= List edge-coloring =

Graph edge coloring with a limited number of allowed colors

This assignment of lists, each with length k = 3, makes it so that no matter which colors are chosen from each list for the edge's color, the graph cannot be properly colored. The graph is therefore not 3-edge-choosable, and has a list chromatic index of at least 4 (in this case, it is 4).

Unsolved problem in mathematics: For every graph, is the list chromatic index equal to the chromatic index?

In graph theory, list edge-coloring is a type of graph coloring that combines list coloring and edge coloring.
An instance of a list edge-coloring problem consists of a graph together with a list of allowed colors for each edge. A list edge-coloring is a choice of a color for each edge, from its list of allowed colors; a coloring is proper if no two adjacent edges receive the same color.

A graph G is k-edge-choosable if every instance of list edge-coloring that has G as its underlying graph and that provides at least k allowed colors for each edge of G has a proper coloring. In other words, when the list for each edge has length k, no matter which colors are put in each list, a color can be selected from each list so that G is properly colored.
The edge choosability, or list edge colorability, list edge chromatic number, or list chromatic index, ch'(G) of graph G is the least number k such that G is k-edge-choosable.

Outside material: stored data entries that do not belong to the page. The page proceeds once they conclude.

lemma left_sum_residue:
  assumes Q: "2 \<le> norm Q" and "a < n"
  shows "((\<lambda>T. left_sum Z Q n a T * (T - 1)) \<longlongrightarrow> vhat Z Q (n - a)) (at 1)"
proof -
  define c where "c ks = (\<Prod>k\<leftarrow>ks. vhat Z Q k) / adj_prod Q ks" for ks
  define w where "w ks = Q powi (int a + int (last ks) - int n)" for ks
  have "(\<lambda>T. left_sum Z Q n a T * (T - 1))
      = (\<lambda>T. \<Sum>ks\<in>compositions (n - a). c ks * (1 / (1 - w ks / T) * (T - 1)))"
    using \<open>a < n\<close> by (simp add: left_sum_def c_def w_def sum_distrib_right mult.assoc)
  moreover have "((\<lambda>T. c ks * (1 / (1 - w ks / T) * (T - 1)))
      \<longlongrightarrow> c ks * (if ks = [n - a] then 1 else 0)) (at 1)"
    if ks: "ks \<in> compositions (n - a)" for ks
  proof (cases "ks = [n - a]")
    case True
    then have "w ks = 1" using \<open>a < n\<close> by (simp add: w_def)
    have "eventually (\<lambda>T. T = 1 / (1 - w ks / T) * (T - 1)) (at (1::complex))"
      using eventually_neq_at_within[of 0 1] eventually_neq_at_within[of 1 1]
      by eventually_elim (simp add: \<open>w ks = 1\<close> field_simps)
    then have "((\<lambda>T. 1 / (1 - w ks / T) * (T - 1)) \<longlongrightarrow> 1) (at 1)"
      by (rule Lim_transform_eventually[OF tendsto_ident_at])
    then show ?thesis using True by (intro tendsto_mult_left) simp
  next
    case False
    then have "last ks < n - a" using composition_last_less[OF ks] \<open>a < n\<close> by simp
    then have "norm (w ks) \<le> 1/2"
      unfolding w_def by (intro norm_power_int_neg_le[OF Q]) simp
    then have "1 - w ks / 1 \<noteq> 0" by auto
    then have "((\<lambda>T. 1 / (1 - w ks / T) * (T - 1)) \<longlongrightarrow> 1 / (1 - w ks / 1) * (1 - 1)) (at 1)"
      by (intro tendsto_intros) auto
    then show ?thesis using False by (intro tendsto_mult_left) simp
  qed
  then have "((\<lambda>T. \<Sum>ks\<in>compositions (n - a). c ks * (1 / (1 - w ks / T) * (T - 1)))
      \<longlongrightarrow> (\<Sum>ks\<in>compositions (n - a). c ks * (if ks = [n - a] then 1 else 0))) (at 1)"
    by (rule tendsto_sum)
  moreover have "[n - a] \<in> compositions (n - a)"
    using \<open>a < n\<close> by (simp add: compositions_def)
  ultimately show ?thesis
    by (simp add: finite_compositions c_def if_distrib cong: if_cong)
qed

lemma derive_step_residue_limit:
  assumes Q: "2 \<le> norm Q" and Z: "Z holomorphic_on - cball 0 (1/2) - {1}"
    and Z_res: "((\<lambda>T. Z T * (T - 1)) \<longlongrightarrow> residue Z 1) (at 1)"
    and Z_eq: "\<And>T. T \<noteq> 0 \<Longrightarrow> Z (1 / (Q * T)) = Z T"
  shows "((\<lambda>T. derive_step g Z Q n T * (T - 1)) \<longlongrightarrow>
     Q powi (int (n choose 2) * (int g - 1)) *
     (\<Sum>a=1..n. vhat Z Q (n - a + 1) * right_sum Z Q n a 1)) (at 1)"
proof -
  have open_region: "open (- cball (0::complex) (1/2))" by auto
  have "((\<lambda>T. left_sum Z Q n a T * Z (Q ^ (n - a) * T) * right_sum Z Q n a T * (T - 1))
      \<longlongrightarrow> vhat Z Q (n - a + 1) * right_sum Z Q n a 1) (at 1)" if a: "a \<in> {1..n}" for a
  proof -
    have "(right_sum Z Q n a \<longlongrightarrow> right_sum Z Q n a 1) (at 1)"
      using holomorphic_on_imp_isCont[OF right_sum_holomorphic[OF Q] open_region]
      by (simp add: isCont_def)
    moreover have "((\<lambda>T. left_sum Z Q n a T * (T - 1) * Z (Q ^ (n - a) * T))
        \<longlongrightarrow> vhat Z Q (n - a + 1)) (at 1)"
    proof (cases "a = n")
      case True
      then show ?thesis using Z_res by (simp add: left_sum_def vhat_def zhat_at_def mult.commute)
    next
      case False
      then have "a < n" using a by simp
      have "isCont (\<lambda>T. Z (Q ^ (n - a) * T)) 1"
        using \<open>a < n\<close> by (intro holomorphic_on_imp_isCont[OF holomorphic_on_scaled[OF Q _ Z] open_region]) auto
      then have "((\<lambda>T. Z (Q ^ (n - a) * T)) \<longlongrightarrow> Z (Q ^ (n - a))) (at 1)"
        by (simp add: isCont_def)
      with left_sum_residue[OF Q \<open>a < n\<close>]
      have "((\<lambda>T. left_sum Z Q n a T * (T - 1) * Z (Q ^ (n - a) * T))
          \<longlongrightarrow> vhat Z Q (n - a) * Z (Q ^ (n - a))) (at 1)"
        by (rule tendsto_mult)
      moreover have "vhat Z Q (n - a) * Z (Q ^ (n - a)) = vhat Z Q (n - a + 1)"
        using zhat_at_Suc[OF Q _ Z Z_eq, of "n - a"] \<open>a < n\<close> by (simp add: vhat_def)
      ultimately show ?thesis by (simp only:)
    qed
    ultimately show ?thesis
      using tendsto_mult by (fastforce simp: mult_ac)
  qed
  then have "((\<lambda>T. Q powi (int (n choose 2) * (int g - 1)) * (\<Sum>a=1..n.
        left_sum Z Q n a T * Z (Q ^ (n - a) * T) * right_sum Z Q n a T * (T - 1)))
      \<longlongrightarrow> Q powi (int (n choose 2) * (int g - 1)) *
        (\<Sum>a=1..n. vhat Z Q (n - a + 1) * right_sum Z Q n a 1)) (at 1)"
    by (intro tendsto_mult_left tendsto_sum)
  then show ?thesis by (simp add: derive_step_def sum_distrib_right mult.assoc)
qed

lemma vhat_mult_right_sum:
  assumes "1 \<le> d" "d \<le> n"
  shows "vhat Z Q d * right_sum Z Q n (n + 1 - d) 1
    = (\<Sum>ls\<in>compositions (n - d). (\<Prod>l\<leftarrow>d # ls. vhat Z Q l) / adj_prod Q (d # ls))"
proof (cases "n - d = 0")
  case True
  then show ?thesis using assms by (simp add: right_sum_def)
next
  case False
  have "ls \<noteq> []" if "ls \<in> compositions (n - d)" for ls
    using that False by (auto simp: compositions_def)
  then show ?thesis
    using assms False
    by (auto simp: right_sum_def sum_distrib_left adj_prod_Cons field_simps intro!: sum.cong)
qed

It is conjectured that it always equals the chromatic index.

==Properties==
Here χ(G) is the chromatic index of G; and K_{n,n}, the complete bipartite graph with equal partite sets.

Some properties of ch'(G):
1. $\operatorname{ch}'(G) < 2 \chi'(G).$
2. $\operatorname{ch}'(K_{n,n}) = n.$ This is the Dinitz theorem, proven by Galvin (1995).
3. $\operatorname{ch}'(G) < (1 + o(1)) \chi'(G),$ i.e. the list chromatic index and the chromatic index agree asymptotically (Kahn 2000).
4. For bipartite graphs, $ch'(G)=\chi'(G)$. For every simple bipartite graph, $ch'(G)=\Delta$.

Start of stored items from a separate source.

lemma of_int_in_int_matrix_eigenvalues: "of_int c \<in> int_matrix_eigenvalues n z"
proof -
  have "map_mat of_int (c \<cdot>\<^sub>m 1\<^sub>m n) *\<^sub>v powers_vec n z = of_int c \<cdot>\<^sub>v powers_vec n z"
  proof (rule eq_vecI)
    fix i assume "i < dim_vec (of_int c \<cdot>\<^sub>v powers_vec n z)"
    hence i: "i < n" by (simp add: powers_vec_def)
    have "(map_mat of_int (c \<cdot>\<^sub>m 1\<^sub>m n) *\<^sub>v powers_vec n z) $ i = of_int c * z ^ i"
      using i by (simp add: powers_vec_def scalar_prod_def if_distrib if_distribR sum.delta cong: if_cong)
    thus "(map_mat of_int (c \<cdot>\<^sub>m 1\<^sub>m n) *\<^sub>v powers_vec n z) $ i
        = (of_int c \<cdot>\<^sub>v powers_vec n z) $ i"
      using i by (simp add: powers_vec_def)
  qed (simp add: powers_vec_def)
  thus ?thesis unfolding int_matrix_eigenvalues_def by (intro CollectI exI[of _ "c \<cdot>\<^sub>m 1\<^sub>m n"]) auto
qed

lemma add_in_int_matrix_eigenvalues:
  assumes "x \<in> int_matrix_eigenvalues n z" "y \<in> int_matrix_eigenvalues n z"
  shows "x + y \<in> int_matrix_eigenvalues n z"
proof -
  obtain M :: "int mat" where M: "M \<in> carrier_mat n n"
    "map_mat of_int M *\<^sub>v powers_vec n z = x \<cdot>\<^sub>v powers_vec n z"
    using assms(1) unfolding int_matrix_eigenvalues_def by auto
  obtain N :: "int mat" where N: "N \<in> carrier_mat n n"
    "map_mat of_int N *\<^sub>v powers_vec n z = y \<cdot>\<^sub>v powers_vec n z"
    using assms(2) unfolding int_matrix_eigenvalues_def by auto
  have "map_mat of_int (M + N) = map_mat (of_int :: int \<Rightarrow> complex) M + map_mat of_int N"
    using M N by (intro eq_matI) auto
  hence "map_mat of_int (M + N) *\<^sub>v powers_vec n z = (x + y) \<cdot>\<^sub>v powers_vec n z"
    using M N by (simp add: add_mult_distrib_mat_vec[of _ n n] add_smult_distrib_vec powers_vec_def)
  thus ?thesis using M N unfolding int_matrix_eigenvalues_def by (intro CollectI exI[of _ "M + N"]) auto
qed

lemma mult_in_int_matrix_eigenvalues:
  assumes "x \<in> int_matrix_eigenvalues n z" "y \<in> int_matrix_eigenvalues n z"
  shows "x * y \<in> int_matrix_eigenvalues n z"
proof -
  obtain M :: "int mat" where M: "M \<in> carrier_mat n n"
    "map_mat of_int M *\<^sub>v powers_vec n z = x \<cdot>\<^sub>v powers_vec n z"
    using assms(1) unfolding int_matrix_eigenvalues_def by auto
  obtain N :: "int mat" where N: "N \<in> carrier_mat n n"
    "map_mat of_int N *\<^sub>v powers_vec n z = y \<cdot>\<^sub>v powers_vec n z"
    using assms(2) unfolding int_matrix_eigenvalues_def by auto
  have v: "powers_vec n z \<in> carrier_vec n" by (simp add: powers_vec_def)
  have "map_mat of_int (M * N) = map_mat (of_int :: int \<Rightarrow> complex) M * map_mat of_int N"
    by (rule of_int_hom.mat_hom_mult[OF M(1) N(1)])
  hence "map_mat of_int (M * N) *\<^sub>v powers_vec n z
      = map_mat (of_int :: int \<Rightarrow> complex) M *\<^sub>v (y \<cdot>\<^sub>v powers_vec n z)"
    using M N v by (simp add: assoc_mult_mat_vec[of _ n n _ n])
  also have "\<dots> = (x * y) \<cdot>\<^sub>v powers_vec n z"
    using M v by (simp add: mult_mat_vec[of _ n n] smult_smult_assoc mult.commute)
  finally show ?thesis
    using M N unfolding int_matrix_eigenvalues_def by (intro CollectI exI[of _ "M * N"]) auto
qed

lemma root_of_unity_in_int_matrix_eigenvalues:
  assumes "n > 0" "z ^ n = 1"
  shows "z \<in> int_matrix_eigenvalues n z"
proof -
  define P :: "int mat" where "P = mat n n (\<lambda>(j, k). if k = Suc j mod n then 1 else 0)"
  have "map_mat of_int P *\<^sub>v powers_vec n z = z \<cdot>\<^sub>v powers_vec n z"
  proof (rule eq_vecI)
    fix j assume "j < dim_vec (z \<cdot>\<^sub>v powers_vec n z)"
    hence j: "j < n" by (simp add: powers_vec_def)
    have "(map_mat of_int P *\<^sub>v powers_vec n z) $ j = z ^ (Suc j mod n)"
      using j assms(1) by (simp add: P_def powers_vec_def scalar_prod_def if_distrib if_distribR sum.delta cong: if_cong)
    also have "\<dots> = z ^ Suc j"
      using assms j by (cases "Suc j = n") auto
    finally show "(map_mat of_int P *\<^sub>v powers_vec n z) $ j = (z \<cdot>\<^sub>v powers_vec n z) $ j"
      using j by (simp add: powers_vec_def)
  qed (simp add: P_def powers_vec_def)
  thus ?thesis unfolding int_matrix_eigenvalues_def by (intro CollectI exI[of _ P]) (auto simp: P_def)
qed

subsection \<open>Cyclotomic integers\<close>

lemma cyclotomic_field_add:
  assumes "x \<in> cyclotomic_field n" "y \<in> cyclotomic_field n"
  shows "x + y \<in> cyclotomic_field n"
proof -
  obtain p r where "x = poly (map_poly of_rat p) (cis (2 * pi / real n))"
    "y = poly (map_poly of_rat r) (cis (2 * pi / real n))"
    using assms unfolding cyclotomic_field_def by auto
  hence "x + y = poly (map_poly of_rat (p + r)) (cis (2 * pi / real n))" by (simp add: hom_distribs)
  thus ?thesis unfolding cyclotomic_field_def by blast
qed

lemma cyclotomic_field_mult:
  assumes "x \<in> cyclotomic_field n" "y \<in> cyclotomic_field n"
  shows "x * y \<in> cyclotomic_field n"
proof -
  obtain p r where "x = poly (map_poly of_rat p) (cis (2 * pi / real n))"
    "y = poly (map_poly of_rat r) (cis (2 * pi / real n))"
    using assms unfolding cyclotomic_field_def by auto
  moreover have "map_poly (of_rat :: rat \<Rightarrow> complex) (p * r) = map_poly of_rat p * map_poly of_rat r"
    by (induct p) (auto simp: hom_distribs)
  ultimately have "x * y = poly (map_poly of_rat (p * r)) (cis (2 * pi / real n))" by simp
  thus ?thesis unfolding cyclotomic_field_def by blast
qed

lemma of_int_in_cyclotomic_field: "of_int c \<in> cyclotomic_field n"
proof -
  have "of_int c = poly (map_poly of_rat [:of_int c:]) (cis (2 * pi / real n))" by (simp add: hom_distribs)
  thus ?thesis unfolding cyclotomic_field_def by blast
qed

lemma cis_in_cyclotomic_field: "cis (2 * pi / real n) \<in> cyclotomic_field n"
proof -
  have "cis (2 * pi / real n) = poly (map_poly of_rat [:0, 1:]) (cis (2 * pi / real n))" by simp
  thus ?thesis unfolding cyclotomic_field_def by blast
qed

text \<open>A subring of the ring of integers of Q(\<zeta>_n) containing \<zeta>_n; whether it is all of it does
  not matter here.\<close>
definition cyclotomic_integers :: "nat \<Rightarrow> complex set" where
  "cyclotomic_integers n = int_matrix_eigenvalues n (cis (2 * pi / real n)) \<inter> cyclotomic_field n"

lemma cyclotomic_integers_add:
  "x \<in> cyclotomic_integers n \<Longrightarrow> y \<in> cyclotomic_integers n \<Longrightarrow> x + y \<in> cyclotomic_integers n"
  unfolding cyclotomic_integers_def by (auto intro: add_in_int_matrix_eigenvalues cyclotomic_field_add)

lemma cyclotomic_integers_mult:
  "x \<in> cyclotomic_integers n \<Longrightarrow> y \<in> cyclotomic_integers n \<Longrightarrow> x * y \<in> cyclotomic_integers n"
  unfolding cyclotomic_integers_def by (auto intro: mult_in_int_matrix_eigenvalues cyclotomic_field_mult)

lemma of_int_in_cyclotomic_integers: "of_int c \<in> cyclotomic_integers n"
  unfolding cyclotomic_integers_def by (auto intro: of_int_in_int_matrix_eigenvalues of_int_in_cyclotomic_field)

lemma of_nat_in_cyclotomic_integers: "of_nat k \<in> cyclotomic_integers n"
  using of_int_in_cyclotomic_integers[of "int k" n] by simp

lemma cyclotomic_integers_diff:
  "x \<in> cyclotomic_integers n \<Longrightarrow> y \<in> cyclotomic_integers n \<Longrightarrow> x - y \<in> cyclotomic_integers n"
  using cyclotomic_integers_add[of x n "of_int (-1) * y"]
    cyclotomic_integers_mult[OF of_int_in_cyclotomic_integers[of "-1"]] by simp

lemma cyclotomic_integers_power:
  "x \<in> cyclotomic_integers n \<Longrightarrow> x ^ k \<in> cyclotomic_integers n"
  using of_int_in_cyclotomic_integers[of 1 n] by (induction k) (auto intro: cyclotomic_integers_mult)

lemma cyclotomic_integers_sum:
  "(\<And>i. i \<in> A \<Longrightarrow> f i \<in> cyclotomic_integers n) \<Longrightarrow> sum f A \<in> cyclotomic_integers n"
  using of_int_in_cyclotomic_integers[of 0 n]
  by (induction A rule: infinite_finite_induct) (auto intro: cyclotomic_integers_add)

lemma cyclotomic_integers_prod:
  "(\<And>i. i \<in> A \<Longrightarrow> f i \<in> cyclotomic_integers n) \<Longrightarrow> prod f A \<in> cyclotomic_integers n"
  using of_int_in_cyclotomic_integers[of 1 n]
  by (induction A rule: infinite_finite_induct) (auto intro: cyclotomic_integers_mult)

text \<open>A vanishing divisor G gives P / G = 0, which also lies in the ring.\<close>
lemma divide_in_cyclotomic_integers:
  "P = G * K \<Longrightarrow> K \<in> cyclotomic_integers n \<Longrightarrow> P / G \<in> cyclotomic_integers n"
  using of_int_in_cyclotomic_integers[of 0 n] by (cases "G = 0") auto

lemma algebraic_int_if_cyclotomic_integer:
  "n > 0 \<Longrightarrow> x \<in> cyclotomic_integers n \<Longrightarrow> algebraic_int x"
  unfolding cyclotomic_integers_def by (auto intro: algebraic_int_if_int_matrix_eigenvalue)

lemma root_of_unity_in_cyclotomic_integers:
  assumes n: "n > 0" and z: "z ^ n = 1"
  shows "z \<in> cyclotomic_integers n"
proof -
  obtain k where k: "z = cis (2 * pi * real k / real n)"
    using z bij_betw_roots_unity[OF n] unfolding bij_betw_def by auto
  have "cis (2 * pi / real n) ^ n = 1" using n by (simp add: DeMoivre)
  hence "cis (2 * pi / real n) \<in> cyclotomic_integers n"
    unfolding cyclotomic_integers_def
    using root_of_unity_in_int_matrix_eigenvalues[OF n] cis_in_cyclotomic_field by auto
  hence "cis (2 * pi / real n) ^ k \<in> cyclotomic_integers n" by (rule cyclotomic_integers_power)
  thus ?thesis by (simp add: k DeMoivre mult.commute)
qed

subsection \<open>Characters of a finite field\<close>

lemma card_nonzero_field: "card (UNIV - {0::'a::{finite,field}}) = CARD('a) - 1"
  by (simp add: card_Diff_singleton)

lemma card_field_gt_1: "CARD('a::{finite,field}) - 1 > 0"
proof -
  have "(1::'a) \<in> UNIV - {0}" by simp
  hence "card (UNIV - {0::'a}) > 0" by (metis card_gt_0_iff empty_iff finite)
  thus ?thesis by (simp add: card_nonzero_field)
qed

lemma bij_betw_mult_nonzero:
  "(x::'a::field) \<noteq> 0 \<Longrightarrow> bij_betw ((*) x) (UNIV - {0}) (UNIV - {0})"
  by (rule bij_betwI[where g = "\<lambda>y. y / x"]) auto

lemma power_card_minus_one_eq_1:
  assumes x: "(x::'a::{finite,field}) \<noteq> 0"
  shows "x ^ (CARD('a) - 1) = 1"
proof -
  let ?U = "UNIV - {0::'a}"
  have "(\<Prod>y\<in>?U. x * y) = (\<Prod>y\<in>?U. y)"
    using prod.reindex_bij_betw[OF bij_betw_mult_nonzero[OF x], of "\<lambda>y. y"] by simp
  hence "x ^ card ?U * (\<Prod>y\<in>?U. y) = 1 * (\<Prod>y\<in>?U. y)" by (simp add: prod.distrib)
  moreover have "(\<Prod>y\<in>?U. y) \<noteq> 0" by simp
  ultimately show ?thesis by (metis mult_right_cancel card_nonzero_field)
qed

text \<open>The Jacobi sum J(\<omega>^a, \<omega>^b), written in the variable v = u / (1 - u).\<close>
definition jacobi_sum :: "('a::{finite,field} \<Rightarrow> complex) \<Rightarrow> int \<Rightarrow> int \<Rightarrow> complex" where
  "jacobi_sum \<omega> a b = (\<Sum>v\<in>UNIV - {0, -1}. \<omega> v powi b * \<omega> (inverse (1 + v)) powi (a + b))"

context
  fixes \<omega> :: "'a::{finite,field} \<Rightarrow> complex"
  assumes \<omega>: "mult_char \<omega>"
begin

lemma mult_char_nonzero: "x \<noteq> 0 \<Longrightarrow> \<omega> x \<noteq> 0"
  using \<omega> unfolding mult_char_def by auto

lemma mult_char_mult: "x \<noteq> 0 \<Longrightarrow> y \<noteq> 0 \<Longrightarrow> \<omega> (x * y) = \<omega> x * \<omega> y"
  using \<omega> unfolding mult_char_def by auto

lemma mult_char_1: "\<omega> 1 = 1"
  using mult_char_mult[of 1 1] mult_char_nonzero[of 1] by simp

lemma mult_char_power: "x \<noteq> 0 \<Longrightarrow> \<omega> (x ^ k) = \<omega> x ^ k"
  by (induction k) (auto simp: mult_char_1 mult_char_mult)

lemma mult_char_inverse: "x \<noteq> 0 \<Longrightarrow> inverse (\<omega> x) = \<omega> (inverse x)"
  using mult_char_mult[of x "inverse x"] mult_char_1 mult_char_nonzero[of x] by (simp add: field_simps)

==List coloring conjecture==
The most famous open problem about list edge-coloring is probably the list coloring conjecture.

$$\operatorname{ch}'(G) = \chi'(G).$$

This conjecture has a fuzzy origin; Jensen & Toft (1995) overview its history. The Dinitz conjecture, proven by Galvin (1995), is the special case of the list coloring conjecture for the complete bipartite graphs K_{n,n}.